American make-up artist

Joel Harlow (born February 2, 1968) is an American make-up artist. He works steadily in many high-profile films.

Harlow won an Academy Award for his work in the successful film Star Trek (2009), subsequently receiving another three nominations for The Lone Ranger (2013), Star Trek Beyond (2016), and Black Panther: Wakanda Forever (2022).

==Life and career==
Born and raised in Grand Forks, North Dakota, Harlow was inspired to work in film-making after seeing the 1933 film King Kong as a child. He later explained that he spent "hours in the basement creating things and I knew I wanted to make characters. I just didn't know what it was at the time, that makeup was the way to do that." After graduating from high school he moved to New York City to attend the School of Visual Arts, where he majored in animation.

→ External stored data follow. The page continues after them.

lemma nn_integral_restrict_coords:
  assumes Psi: "Psi \<in> borel_measurable (obs_space R \<mu> f g \<sigma>)"
    and dep: "\<And>r Y Y'. (\<And>i. i \<in> J \<Longrightarrow> Y i = Y' i) \<Longrightarrow> Psi (r, Y) = Psi (r, Y')"
    and agree: "\<And>i. i \<in> J \<Longrightarrow> \<sigma> i = \<sigma>' i"
  shows "(\<integral>\<^sup>+\<omega>. Psi \<omega> \<partial>obs_space R \<mu> f g \<sigma>) = (\<integral>\<^sup>+\<omega>. Psi \<omega> \<partial>obs_space R \<mu> f g \<sigma>')"
proof -
  interpret F: prob_space "density \<mu> (\<lambda>x. ennreal (f x))" by (rule f_prob)
  obtain y0 where y0: "y0 \<in> space \<mu>" using F.not_empty by auto
  have Psi': "Psi \<in> borel_measurable (obs_space R \<mu> f g \<sigma>')" by (rule measurable_obs_space[OF Psi])
  have "(\<Pi>\<^sub>M i\<in>J. cell_law \<mu> f g \<sigma> i) = (\<Pi>\<^sub>M i\<in>J. cell_law \<mu> f g \<sigma>' i)"
    by (intro PiM_cong) (auto simp: cell_law_def agree)
  then show ?thesis
    using nn_integral_local_coords[of Psi \<sigma> J, OF Psi dep y0]
      nn_integral_local_coords[of Psi \<sigma>' J, OF Psi' dep y0] by simp
qed

lemma AE_densities_positive: "AE \<omega> in obs_space R \<mu> f g \<sigma>. \<forall>i. 0 < f (snd \<omega> i) \<and> 0 < g (snd \<omega> i)"
proof -
  let ?P = "\<Pi>\<^sub>M i\<in>UNIV. cell_law \<mu> f g \<sigma> i"
  interpret P: prob_space ?P by (rule PiM_cell_law_prob)
  interpret Rand: prob_space R by (rule R_prob)
  interpret PS: pair_sigma_finite R ?P ..
  have cell_positive: "AE x in cell_law \<mu> f g \<sigma> i. 0 < f x \<and> 0 < g x" for i
  proof -
    have "AE x in \<mu>. 0 < ennreal (cell_density f g (\<sigma> i) x) \<longrightarrow> 0 < f x \<and> 0 < g x"
      using f_g_vanish_together AE_space
    proof eventually_elim
      case (elim x)
      then show ?case using f_nonneg g_nonneg unfolding cell_density_def
        by (cases "\<sigma> i") (auto simp: less_le)
    qed
    then show ?thesis unfolding cell_law_def by (subst AE_density) auto
  qed
  have "AE Y in ?P. \<forall>i. 0 < f (Y i) \<and> 0 < g (Y i)"
    unfolding AE_all_countable
  proof
    fix i :: "nat \<times> nat"
    show "AE Y in ?P. 0 < f (Y i) \<and> 0 < g (Y i)"
      by (rule AE_PiM_component[OF cell_law_prob _ cell_positive]) simp
  qed
  then have "AE \<omega> in R \<Otimes>\<^sub>M ?P. \<forall>i. 0 < f (snd \<omega> i) \<and> 0 < g (snd \<omega> i)"
  proof (intro PS.AE_pair_measure)
    have [measurable]: "(\<lambda>\<omega>. f (snd \<omega> i)) \<in> borel_measurable (R \<Otimes>\<^sub>M ?P)" for i
      using coord_comp_measurable[OF f_measurable, of i \<sigma>] unfolding obs_space_def .
    have [measurable]: "(\<lambda>\<omega>. g (snd \<omega> i)) \<in> borel_measurable (R \<Otimes>\<^sub>M ?P)" for i
      using coord_comp_measurable[OF g_measurable, of i \<sigma>] unfolding obs_space_def .
    show "{x \<in> space (R \<Otimes>\<^sub>M ?P). \<forall>i. 0 < f (snd x i) \<and> 0 < g (snd x i)} \<in> sets (R \<Otimes>\<^sub>M ?P)"
      by measurable
  qed auto
  then show ?thesis unfolding obs_space_def .
qed

end

lemma length_hist[simp]: "length (hist P r Y n) = n"
  by (induction n) auto

lemma hist_take: "k \<le> n \<Longrightarrow> hist P r Y k = take k (hist P r Y n)"
proof (induction n)
  case 0 then show ?case by simp
next
  case (Suc n)
  show ?case
  proof (cases "k = Suc n")
    case True then show ?thesis by simp
  next
    case False then have "k \<le> n" using Suc by simp
    then show ?thesis using Suc by simp
  qed
qed

lemma hist_eq_le: "hist P r Y n = hist P r Y' n \<Longrightarrow> k \<le> n \<Longrightarrow> hist P r Y k = hist P r Y' k"
proof -
  assume "hist P r Y n = hist P r Y' n" "k \<le> n"
  then show ?thesis using hist_take[of k n P r Y] hist_take[of k n P r Y'] by simp
qed

lemma hist_nth: "t < n \<Longrightarrow> hist P r Y n ! t = obs_at (sel P r (hist P r Y t)) Y (Suc t)"
proof (induction n)
  case 0 then show ?case by simp
next
  case (Suc n)
  then show ?case by (cases "t = n") (auto simp: nth_append)
qed

lemma hist_local: "(\<And>i. fst i \<in> {1..s} \<Longrightarrow> Y i = Y' i) \<Longrightarrow> hist P r Y s = hist P r Y' s"
proof (induction s)
  case 0 then show ?case by simp
next
  case (Suc s)
  then have IH: "hist P r Y s = hist P r Y' s" by auto
  have "obs_at (sel P r (hist P r Y s)) Y (Suc s) = obs_at (sel P r (hist P r Y' s)) Y' (Suc s)"
    unfolding IH obs_at_def using Suc.prems by (auto simp: fun_eq_iff)
  then show ?case using IH by simp
qed

lemma hist_unobs:
  assumes "c \<notin> phi P r Y t"
  shows "hist P r (Y((t,c):=x)) s = hist P r Y s"
proof (induction s)
  case 0 then show ?case by simp
next
  case (Suc s)
  have "obs_at (sel P r (hist P r Y s)) (Y((t,c):=x)) (Suc s) = obs_at (sel P r (hist P r Y s)) Y (Suc s)"
  proof -
    have "(Y((t,c):=x)) (Suc s, k) = Y (Suc s, k)" if "k \<in> sel P r (hist P r Y s)" for k
    proof (cases "t = Suc s \<and> k = c")
      case True
      then have "c \<in> phi P r Y t" using that by (simp add: phi_def)
      then show ?thesis using assms by simp
    next
      case False then show ?thesis by auto
    qed
    then show ?thesis unfolding obs_at_def by (auto simp: fun_eq_iff)
  qed
  then show ?case using Suc.IH by (metis hist.simps(2))
qed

Harlow worked together with actor Johnny Depp on several films, such as Pirates of the Caribbean: Dead Man's Chest and Alice in Wonderland. While they were both working on The Rum Diary in Puerto Rico, they found a photograph of a Native American which they developed into the makeup design used on Tonto as played by Depp in the 2013 film The Lone Ranger. They had also used it to encourage Walt Disney Studios into producing the film, as at the time that they discovered the image, the film was close to being dropped. In the final design of Tonto, some eight prosthetics were created by Harlow for Depp and eighteen overlapping prosthetics when the actor played the older version of the character.

===Awards===
In 2008, Harlow was nominated with Debbie Zoller, Brian Penikas, and Jake Garber for an Emmy Award for Prosthetic Makeup For A Series, Miniseries, Movie Or A Special for their work on the Mad Men season one episode "Nixon vs. Kennedy".

He was a member of the team that won the Academy Award in 2009 for Star Trek, which he shared with Barney Burman and Mindy Hall. This was the first Oscar to have been awarded to any film in the franchise. He was once again nominated for an Academy Award for his work on The Lone Ranger alongside hairstylist Gloria Pasqua-Casny. He was the only person in the category who had previously been nominated. The award went to Adruitha Lee and Robin Mathews for Dallas Buyers Club.

Alongside Camille Friend, Harlow received his most recent Academy Award nomination in 2023 for his work on Black Panther: Wakanda Forever.